64bit la.pcrel 现在几乎没出问题的原因可能是 它不常用,即使使用了,出现条件也是边缘情况很不容易触发。 通过easy solution的方法解决 可能 会降低代码修改成本,但长远来看有弊端。

hard solution与RISCV类似,可行性很高,能满足调度。但是的确和现在ABI不一样,相信改动会很大。

这里抛几个我的想法或者是疑惑,些许是题外的, 1, 目前PCALA_HI20这个没有溢出检测,这个问题mold维护者也提过 2, pcalau12i lu32id lu52id 这三条指令放一起的话,能否像call36一样只做一个重定位 3, 现在这套重定位还是 4KB 位置无关,以前那套pcadd12i+addi.d/pcadd12i+ori+lu32i.d+lu52i.d+add.d是 4B 位置无关,是不是也能加这样的2/4条指令连续的,像call36一样做一个重定位 4, 按我理解,之所以explicit relocs,(1)是因为可以参与调度,(2)是因为有些加载地址操作(假设加载32位),可以共用第一条pcalau12i(HI),即一个HI可以被多个LO使用。no explicit relocs 使得更方便做relax。( 猜测 )如果按照RISCV那样,指令不仅能参与调度,还能在LO的位置做重定位;如果HI被引用次数为0,甚至还能删除HI。 5, 如果要做hard solution,是否call36也会被修改为类似。 6, 如果要做hard solution,会导致基础重定位变化,应该会导致部分软件需要修改。(或者说像现在-meplicit-relocs一样加些自动判断?)

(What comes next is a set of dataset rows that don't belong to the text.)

definition orbit_card :: "int^4 \<Rightarrow> nat" where
  "orbit_card k = card (pvec k ` G4)"

end

theory Submission
  imports Defs
begin

text \<open>In the coordinates \<open>(t\<^sub>1, t\<^sub>2, t\<^sub>3)\<close> of the hyperplane, the lattice \<open>\<int>\<^sup>4\<^sub>H\<close> becomes
  \<open>\<int>\<^sup>3\<close>, the action of \<open>S\<^sub>4\<close> becomes a family of unimodular linear maps, and the alcove
  becomes \<open>triH_param\<close>. Up to a null set, the unit cube is tiled by the integer translates of the
  24 images of the alcove: a point with no integral coordinate and no integral coordinate
  difference is moved into exactly one of them by lowering the \<open>r = -\<lfloor>t\<^sub>4\<rfloor>\<close> largest fractional
  parts of its coordinates by \<open>1\<close>. Hence for a continuous function that is \<open>\<int>\<^sup>4\<^sub>H\<close>-periodic and
  \<open>S\<^sub>4\<close>-invariant, the normalised integral over the alcove is its integral over the cube.

  The products \<open>TC k \<cdot> cnj (TC j)\<close> and \<open>TS k \<cdot> cnj (TS j)\<close> are such functions and expand into
  characters \<open>phi (k\<sigma> - j\<tau>)\<close> whose frequencies lie in \<open>HH\<close>. Over the cube \<open>phi c\<close> integrates to
  \<open>1\<close> or \<open>0\<close> according as \<open>c = 0\<close> or not, because for \<open>c \<noteq> 0\<close> some translation inside the cube
  multiplies it by \<open>-1\<close>. It remains to count the pairs \<open>(\<sigma>, \<tau>)\<close> with \<open>k\<sigma> = j\<tau>\<close>: for sorted
  \<open>k, j\<close> this forces \<open>k = j\<close>, and then there are \<open>24 \<cdot> |Stab k| = 24\<^sup>2 / orbit_card k\<close> of them; for
  strictly sorted \<open>k\<close> only \<open>\<sigma> = \<tau>\<close> remains, with weight \<open>sign \<sigma> \<cdot> sign \<tau> = 1\<close>.\<close>

section \<open>Coordinates on the hyperplane\<close>

definition proj3 :: "real^4 \<Rightarrow> real^3" where
  "proj3 t = vector [t $ 1, t $ 2, t $ 3]"

lemma embH_nth [simp]:
  "embH x $ 1 = x $ 1" "embH x $ 2 = x $ 2" "embH x $ 3 = x $ 3"
  "embH x $ 4 = - (x $ 1 + x $ 2 + x $ 3)"
  by (simp_all add: embH_def)

lemma proj3_nth [simp]: "proj3 t $ 1 = t $ 1" "proj3 t $ 2 = t $ 2" "proj3 t $ 3 = t $ 3"
  by (simp_all add: proj3_def)

lemma sum_embH: "(\<Sum>i\<in>UNIV. embH x $ i) = 0"
  by (simp add: sum_4)

lemma proj3_embH [simp]: "proj3 (embH x) = x"
  by (simp add: vec_eq_iff forall_3)

lemma embH_proj3: "(\<Sum>i\<in>UNIV. t $ i) = 0 \<Longrightarrow> embH (proj3 t) = t"
  by (simp add: vec_eq_iff forall_4 sum_4)

lemma linear_embH: "linear embH"
  by (rule linearI) (simp_all add: vec_eq_iff forall_4 algebra_simps)

lemmas embH_add = linear_add[OF linear_embH]
lemmas embH_diff = linear_diff[OF linear_embH]

lemma continuous_on_embH_nth: "continuous_on UNIV (\<lambda>x. embH x $ m)"
  by (intro continuous_on_component linear_continuous_on)
     (simp add: linear_conv_bounded_linear[symmetric] linear_embH)

lemma pvec_nth [simp]: "pvec t \<sigma> $ i = t $ \<sigma> i"
  by (simp add: pvec_def)

lemma pvec_pvec: "pvec (pvec t \<sigma>) \<tau> = pvec t (\<sigma> \<circ> \<tau>)"
  by (simp add: vec_eq_iff)

lemma pvec_id [simp]: "pvec t id = t"
  by (simp add: vec_eq_iff)

lemma pvec_inv: "\<sigma> permutes UNIV \<Longrightarrow> pvec (pvec t \<sigma>) (inv \<sigma>) = t"
  by (simp add: pvec_pvec permutes_inv_o(1))

lemma sum_permute_nth: "\<sigma> permutes UNIV \<Longrightarrow> (\<Sum>i\<in>UNIV. t $ \<sigma> i) = (\<Sum>i\<in>UNIV. t $ i)"
  using sum.permute[of \<sigma> UNIV "\<lambda>i. t $ i"] by (simp add: o_def)

lemma mem_G4 [simp]: "\<sigma> \<in> G4 \<longleftrightarrow> \<sigma> permutes UNIV"
  by (simp add: G4_def)

lemma finite_G4: "finite G4"
  unfolding G4_def by (rule finite_permutations) simp

lemma card_G4: "card G4 = 24"
  unfolding G4_def by (simp add: card_permutations numeral_eq_Suc)

definition permH :: "(4 \<Rightarrow> 4) \<Rightarrow> real^3 \<Rightarrow> real^3" where
  "permH \<sigma> x = proj3 (pvec (embH x) \<sigma>)"

lemma embH_permH: "\<sigma> permutes UNIV \<Longrightarrow> embH (permH \<sigma> x) = pvec (embH x) \<sigma>"
  unfolding permH_def by (rule embH_proj3) (simp add: sum_permute_nth sum_embH)

lemma permH_permH: "\<sigma> permutes UNIV \<Longrightarrow> permH \<tau> (permH \<sigma> x) = permH (\<sigma> \<circ> \<tau>) x"
  by (simp add: permH_def[of \<tau>] embH_permH pvec_pvec) (simp add: permH_def)

lemma permH_id: "permH id x = x"
  by (simp add: permH_def)

lemma permH_inv: "\<sigma> permutes UNIV \<Longrightarrow> permH (inv \<sigma>) (permH \<sigma> x) = x"
  by (simp add: permH_permH permutes_inv_o(1) permH_id)

lemma permH_inv': "\<sigma> permutes UNIV \<Longrightarrow> permH \<sigma> (permH (inv \<sigma>) x) = x"
  by (simp add: permH_permH permutes_inv permutes_inv_o(2) permH_id)

lemma linear_permH: "linear (permH \<sigma>)"
  by (rule linearI) (simp_all add: permH_def vec_eq_iff forall_3 embH_add linear_cmul[OF linear_embH])

lemma permH_nth_ex: "\<exists>m. permH \<sigma> x $ i = embH x $ m"
  using exhaust_3[of i] by (auto simp: permH_def)

definition int_vecs :: "(real^'n) set" where
  "int_vecs = {p. \<forall>i. p $ i \<in> \<int>}"

lemma embH_Ints: "p \<in> int_vecs \<Longrightarrow> embH p $ m \<in> \<int>"
  using exhaust_4[of m] by (auto simp: int_vecs_def)

lemma permH_int_vecs: assumes "p \<in> int_vecs" shows "permH \<sigma> p \<in> int_vecs"
proof -
  have "permH \<sigma> p $ i \<in> \<int>" for i
    using permH_nth_ex[of \<sigma> p i] embH_Ints[OF assms] by metis
  then show ?thesis by (simp add: int_vecs_def)
qed
(* Let $p_1,\dots,p_m$ be complex polynomials and for $z\in\mathbb{D}^*$ let $K_z$ be the semigroup generated by the contractions $f_i:x\mapsto zx+p_i(z)$, $1\le i\le m$. Then there is a regular language $L$ over a finite alphabet of complex numbers such that a power series $e(z)=a_0+a_1z+a_2z^2+\cdots$ is $L$-regular if and only if $e\in\partial K_z$, i.e. $e$ is the function of $z$ given by an infinite composition of the generators $f_i$.
   Context: For a right-infinite sequence $s_1s_2s_3\cdots$ of indices in $\{1,\dots,m\}$, the associated infinite composition is $e(z)=\lim_{n\to\infty}f_{s_1}\circ f_{s_2}\circ\cdots\circ f_{s_n}(x)$, which is independent of $x$ and is a power series in $z$; $\partial K_z$ denotes the set of all such power series. Given a finite alphabet $S\subset\mathbb{C}$ and a prefix-closed regular language $L\subseteq S^*$, let $\overline{L}$ be the set of right-infinite words over $S$ all of whose finite prefixes lie in $L$; a power series $a_0+a_1z+a_2z^2+\cdots$ is called $L$-regular if $(a_0,a_1,a_2,\dots)\in\overline{L}$. *)

theory Defs
  imports "HOL-Analysis.Analysis" "HOL-Computational_Algebra.Polynomial"
begin

definition gen :: "(nat \<Rightarrow> complex poly) \<Rightarrow> nat \<Rightarrow> complex \<Rightarrow> complex \<Rightarrow> complex" where
  "gen p i z x = z * x + poly (p i) z"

xen0n commented 7 months ago

如果要做hard solution,会导致基础重定位变化,应该会导致部分软件需要修改。(或者说像现在-meplicit-relocs一样加些自动判断?)

我理解这个地方的前向兼容性,主要在于新加的标记 reloc 会被不认识的组件当作未知记录,可能会无视,也可能报错;应该多数会报错。不过对于会无视新加标记的旧版本组件,或者支持新 ABI 的组件却处理旧的目标代码,那它们直接沿用老逻辑就行了。

xen0n commented 7 months ago

Also cc @abner-chenc -- the ultimate solution to this issue will likely involve code changes at Go side, so your team's input/acknowledgement is also welcome.

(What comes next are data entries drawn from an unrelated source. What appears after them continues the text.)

(* Define, for $u\geq0$, $$\mathcal{J}_\alpha(u)=\begin{cases}\frac{1}{\alpha(\alpha-1)}\Big(\big(1-\frac{1-\alpha}{4\alpha}u\big)_+^\alpha-1\Big)&\alpha\in(0,\tfrac12),\\[3pt]\frac{1}{\alpha(\alpha-1)}\Big(\big(1-\frac{1-\alpha}{2}u\big)_+^\alpha-1\Big)&\alpha\in[\tfrac12,1),\end{cases}$$ $$\mathcal{J}^\flat_\alpha(u)=\begin{cases}\frac{1}{\alpha(\alpha-1)}\Big[\big(1-\frac{(1-\alpha)^2}{2\alpha}u\big)_+^{\frac{\alpha}{2(1-\alpha)}}-1\Big]&\alpha\in(0,\tfrac12),\\[3pt]\frac{1}{\alpha(\alpha-1)}\Big[\big(1-(1-\alpha)^2u\big)_+^{\frac{\alpha}{2(1-\alpha)}}-1\Big]&\alpha\in[\tfrac12,1),\end{cases}$$ where $(s)_+=\max\{s,0\}$. Then for all $\tfrac12\leq\alpha<1$, $\mathcal{J}^\flat_\alpha(u)\leq\mathcal{J}_\alpha(u)$ for all $u\geq0$; and for all $0<\alpha<\tfrac12$, $\mathcal{J}_\alpha(u)\leq\mathcal{J}^\flat_\alpha(u)$ for all $u\geq0$. *)

theory Defs
  imports Complex_Main
begin

definition pos_part :: "real \<Rightarrow> real" where
  "pos_part s = max s 0"

definition J :: "real \<Rightarrow> real \<Rightarrow> real" where
  "J \<alpha> u =
    (if \<alpha> < 1/2
     then (1 / (\<alpha> * (\<alpha> - 1))) * (pos_part (1 - (1 - \<alpha>) / (4 * \<alpha>) * u) powr \<alpha> - 1)
     else (1 / (\<alpha> * (\<alpha> - 1))) * (pos_part (1 - (1 - \<alpha>) / 2 * u) powr \<alpha> - 1))"

definition Jflat :: "real \<Rightarrow> real \<Rightarrow> real" where
  "Jflat \<alpha> u =
    (if \<alpha> < 1/2
     then (1 / (\<alpha> * (\<alpha> - 1))) *
          (pos_part (1 - (1 - \<alpha>)^2 / (2 * \<alpha>) * u) powr (\<alpha> / (2 * (1 - \<alpha>))) - 1)
     else (1 / (\<alpha> * (\<alpha> - 1))) *
          (pos_part (1 - (1 - \<alpha>)^2 * u) powr (\<alpha> / (2 * (1 - \<alpha>))) - 1))"

end

theory Submission
  imports Defs "HOL-Analysis.Convex"
begin

text \<open>With \<open>p = 1 / (2 (1 - \<alpha>))\<close> there is, in both regimes, a \<open>y \<ge> 0\<close> such that
  \<open>\<J>\<^sub>\<alpha>\<close> is built from \<open>(1 - p y)\<^sub>+\<^sup>\<alpha>\<close> and \<open>\<J>\<^sup>\<flat>\<^sub>\<alpha>\<close> from \<open>((1 - y)\<^sub>+\<^sup>p)\<^sup>\<alpha>\<close>, both through
  the decreasing map \<open>s \<mapsto> (s - 1) / (\<alpha> (\<alpha> - 1))\<close>. Bernoulli's inequality compares
  \<open>(1 - y)\<^sub>+\<^sup>p\<close> with \<open>(1 - p y)\<^sub>+\<close>; its direction flips with \<open>p \<ge> 1\<close>, i.e. at \<open>\<alpha> = 1/2\<close>.\<close>

lemma powr_le_tangent_at_one:
  fixes p t :: real
  assumes "0 \<le> p" "p \<le> 1" "0 \<le> t"
  shows "t powr p \<le> 1 + p * (t - 1)"
proof (cases "t = 0")
  case True
  then show ?thesis using assms by simp
next
  case False
  then have "t powr p * 1 powr (1 - p) \<le> p * t + (1 - p) * 1"
    using assms by (intro Youngs_inequality_0) auto
  then show ?thesis by (simp add: algebra_simps)
qed

lemma tangent_at_one_le_powr:
  fixes p t :: real
  assumes "1 \<le> p" "0 \<le> t"
  shows "1 + p * (t - 1) \<le> t powr p"
proof -
  have "t = (t powr p) powr (1 / p)"
    using assms by (simp add: powr_powr)
  also have "\<dots> \<le> 1 + (1 / p) * (t powr p - 1)"
    using assms by (intro powr_le_tangent_at_one) auto
  finally have "p * t \<le> p * (1 + (1 / p) * (t powr p - 1))"
    using assms by (intro mult_left_mono) auto
  then show ?thesis
    using assms by (simp add: algebra_simps)
qed

lemma pos_part_powr_le_Bernoulli:
  fixes p y :: real
  assumes "0 \<le> p" "p \<le> 1"
  shows "pos_part (1 - y) powr p \<le> pos_part (1 - p * y)"
proof (cases "y \<le> 1")
  case True
  then have "(1 - y) powr p \<le> 1 + p * ((1 - y) - 1)"
    using assms by (intro powr_le_tangent_at_one) auto
  then show ?thesis
    using True by (simp add: pos_part_def algebra_simps)
next
  case False
  then show ?thesis by (simp add: pos_part_def)
qed

lemma Bernoulli_le_pos_part_powr:
  fixes p y :: real
  assumes "1 \<le> p" "0 \<le> y"
  shows "pos_part (1 - p * y) \<le> pos_part (1 - y) powr p"
proof -
  have "p * (1 - y) \<le> p * pos_part (1 - y)"
    using assms by (intro mult_left_mono) (auto simp: pos_part_def)
  then have "1 - p * y \<le> 1 + p * (pos_part (1 - y) - 1)"
    by (simp add: algebra_simps)
  also have "\<dots> \<le> pos_part (1 - y) powr p"
    using assms by (intro tangent_at_one_le_powr) (auto simp: pos_part_def)
  finally show ?thesis
    by (simp add: pos_part_def)
qed

lemma powr_minus_one_div_antimono:
  fixes \<alpha> s t :: real
  assumes "0 < \<alpha>" "\<alpha> < 1" "0 \<le> s" "s \<le> t"
  shows "1 / (\<alpha> * (\<alpha> - 1)) * (t powr \<alpha> - 1) \<le> 1 / (\<alpha> * (\<alpha> - 1)) * (s powr \<alpha> - 1)"
proof (rule mult_left_mono_neg)
  show "s powr \<alpha> - 1 \<le> t powr \<alpha> - 1"
    using assms by (simp add: powr_mono2)
  show "1 / (\<alpha> * (\<alpha> - 1)) \<le> 0"
    using assms mult_pos_neg[of \<alpha> "\<alpha> - 1"] by simp
qed

lemma J_Jflat_common_base:
  fixes \<alpha> u :: real
  assumes "0 < \<alpha>" "\<alpha> < 1"
  defines "p \<equiv> 1 / (2 * (1 - \<alpha>))"
    and "y \<equiv> (if \<alpha> < 1/2 then (1 - \<alpha>)^2 / (2 * \<alpha>) else (1 - \<alpha>)^2) * u"
  shows "J \<alpha> u = 1 / (\<alpha> * (\<alpha> - 1)) * (pos_part (1 - p * y) powr \<alpha> - 1)"
    and "Jflat \<alpha> u = 1 / (\<alpha> * (\<alpha> - 1)) * ((pos_part (1 - y) powr p) powr \<alpha> - 1)"
proof -
  have "p * y = (if \<alpha> < 1/2 then (1 - \<alpha>) / (4 * \<alpha>) else (1 - \<alpha>) / 2) * u"
    using assms by (simp add: p_def y_def field_simps power2_eq_square)
  then show "J \<alpha> u = 1 / (\<alpha> * (\<alpha> - 1)) * (pos_part (1 - p * y) powr \<alpha> - 1)"
    by (simp add: J_def)
  show "Jflat \<alpha> u = 1 / (\<alpha> * (\<alpha> - 1)) * ((pos_part (1 - y) powr p) powr \<alpha> - 1)"
    by (simp add: Jflat_def powr_powr p_def y_def)
qed

theorem lemmaB1:
  shows "(\<forall>\<alpha>::real. 1/2 \<le> \<alpha> \<and> \<alpha> < 1 \<longrightarrow> (\<forall>u::real. u \<ge> 0 \<longrightarrow> Jflat \<alpha> u \<le> J \<alpha> u))
       \<and> (\<forall>\<alpha>::real. 0 < \<alpha> \<and> \<alpha> < 1/2 \<longrightarrow> (\<forall>u::real. u \<ge> 0 \<longrightarrow> J \<alpha> u \<le> Jflat \<alpha> u))"
proof (intro conjI allI impI; elim conjE)
  fix \<alpha> u :: real
  define p where "p = 1 / (2 * (1 - \<alpha>))"
  define y where "y = (if \<alpha> < 1/2 then (1 - \<alpha>)^2 / (2 * \<alpha>) else (1 - \<alpha>)^2) * u"
  note base = J_Jflat_common_base[of \<alpha> u, folded p_def y_def]
  {
    assume "1/2 \<le> \<alpha>" "\<alpha> < 1" "0 \<le> u"
    then have "0 < \<alpha>" "1 \<le> p" "0 \<le> y"
      by (simp_all add: p_def y_def field_simps)
    then have "pos_part (1 - p * y) \<le> pos_part (1 - y) powr p"
      by (intro Bernoulli_le_pos_part_powr) auto
    with \<open>0 < \<alpha>\<close> \<open>\<alpha> < 1\<close> show "Jflat \<alpha> u \<le> J \<alpha> u"
      unfolding base[OF \<open>0 < \<alpha>\<close> \<open>\<alpha> < 1\<close>] by (intro powr_minus_one_div_antimono) (auto simp: pos_part_def)
  next
    assume "0 < \<alpha>" "\<alpha> < 1/2" "0 \<le> u"
    then have "\<alpha> < 1" "0 \<le> p" "p \<le> 1"
      by (simp_all add: p_def field_simps)
    then have "pos_part (1 - y) powr p \<le> pos_part (1 - p * y)"
      by (intro pos_part_powr_le_Bernoulli) auto
    with \<open>0 < \<alpha>\<close> \<open>\<alpha> < 1\<close> show "J \<alpha> u \<le> Jflat \<alpha> u"
      unfolding base[OF \<open>0 < \<alpha>\<close> \<open>\<alpha> < 1\<close>] by (intro powr_minus_one_div_antimono) auto
  }
qed

end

xry111 commented 7 months ago

如果要做hard solution,会导致基础重定位变化,应该会导致部分软件需要修改。(或者说像现在-meplicit-relocs一样加些自动判断?)

我理解这个地方的前向兼容性,主要在于新加的标记 reloc 会被不认识的组件当作未知记录,可能会无视,也可能报错;应该多数会报错。不过对于会无视新加标记的旧版本组件,或者支持新 ABI 的组件却处理旧的目标代码,那它们直接沿用老逻辑就行了。

A "fully backward-compatible" fix might be

# do not allow scheduling other instructions in-between them
.align 4
pcalau12i $t0, %pc_hi20(sym)
lu32i.d $t1, %pc64_lo20(sym)
lu52i.d $t1, $t1, %pc64_hi12(sym)

This guarantees that the pcalau12i, lu32i.d, and lu52i.d instructions are in the same 4K-page.

xry111 commented 5 months ago

Should be fixed with Binutils 2.42, GCC 14, and LLVM 18 (all following psABI 2.30).